definition manifold :: "nat \<Rightarrow> 'a set set \<Rightarrow> bool" where
  "manifold k G \<longleftrightarrow> (\<forall>x\<in>G. sphere_sh k (Sph G x))"

end

theory Submission
  imports Defs
begin

(* Dehn-Sommerville part: h_0 = h_G(0) = (-1)^(d+1) f_G(-1) = (-1)^(d+1) (1 - w(G)), while the
   leading coefficient h_(d+1) is 1, so h_0 = h_(d+1) forces w(G) = 1 + (-1)^d.
   Manifold part: a cone has w = 1, because adding the apex is a sign-reversing bijection from
   the faces avoiding it onto the faces containing it, apart from the apex itself.  The simplex
   below a face z and the closed star B(x) are cones, whence sum_(x <= z) w(x) = 1 and
   w(U(x)) = 1 - w(S(x)).  Induction gives w = 1 + (-1)^k for k-spheres, so in a manifold of odd
   dimension every S(x) has w = 2 and every U(x) has w = -1.  Counting pairs x <= y with weight
   w(x) w(y) in both orders then gives w(G) = sum_x w(x) w(U(x)) = -w(G). *)

definition face_weight :: "'a set \<Rightarrow> int" where
  "face_weight x = (-1) ^ (card x - 1)"

lemma wG_eq_sum_face_weight: "wG G = sum face_weight G"
  by (simp add: wG_def face_weight_def)

lemma face_weight_insert:
  assumes "finite y" "y \<noteq> {}" "v \<notin> y"
  shows "face_weight (insert v y) = - face_weight y"
proof -
  obtain n where "card y = Suc n"
    using assms(1,2) by (metis card_0_eq not0_implies_Suc)
  then show ?thesis
    using assms by (simp add: face_weight_def)
qed

lemma wG_Un_disjoint: "finite A \<Longrightarrow> finite B \<Longrightarrow> A \<inter> B = {} \<Longrightarrow> wG (A \<union> B) = wG A + wG B"
  unfolding wG_eq_sum_face_weight by (rule sum.union_disjoint)

lemma simplicial_complex_finite: "simplicial_complex G \<Longrightarrow> finite G"
  by (simp add: simplicial_complex_def)

lemma simplicial_complex_face:
  "simplicial_complex G \<Longrightarrow> y \<in> G \<Longrightarrow> y \<noteq> {} \<and> finite y"
  unfolding simplicial_complex_def by blast

lemma simplicial_complex_subface:
  "simplicial_complex G \<Longrightarrow> y \<in> G \<Longrightarrow> z \<subseteq> y \<Longrightarrow> z \<noteq> {} \<Longrightarrow> z \<in> G"
  unfolding simplicial_complex_def by blast

lemma simplicial_complex_subcomplex:
  assumes "simplicial_complex G" "H \<subseteq> G"
    and "\<And>y z. y \<in> H \<Longrightarrow> z \<in> G \<Longrightarrow> z \<subseteq> y \<Longrightarrow> z \<in> H"
  shows "simplicial_complex H"
proof -
  have "finite H"
    using assms(1,2) finite_subset simplicial_complex_finite by blast
  moreover have "y \<noteq> {} \<and> finite y" if "y \<in> H" for y
    using assms(1,2) that simplicial_complex_face by blast
  moreover have "z \<in> H" if "y \<in> H" "z \<noteq> {}" "z \<subseteq> y" for y z
    using assms that simplicial_complex_subface by blast
  ultimately show ?thesis
    unfolding simplicial_complex_def by blast
qed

+--

• TRY IT: Filter the entries and keep only the lines holding "unfolding".

• RESULT FOR THIS EXERCISE:
  unfolding wG_eq_sum_face_weight by (rule sum.union_disjoint)
  unfolding simplicial_complex_def by blast
  unfolding simplicial_complex_def by blast
    unfolding simplicial_complex_def by blast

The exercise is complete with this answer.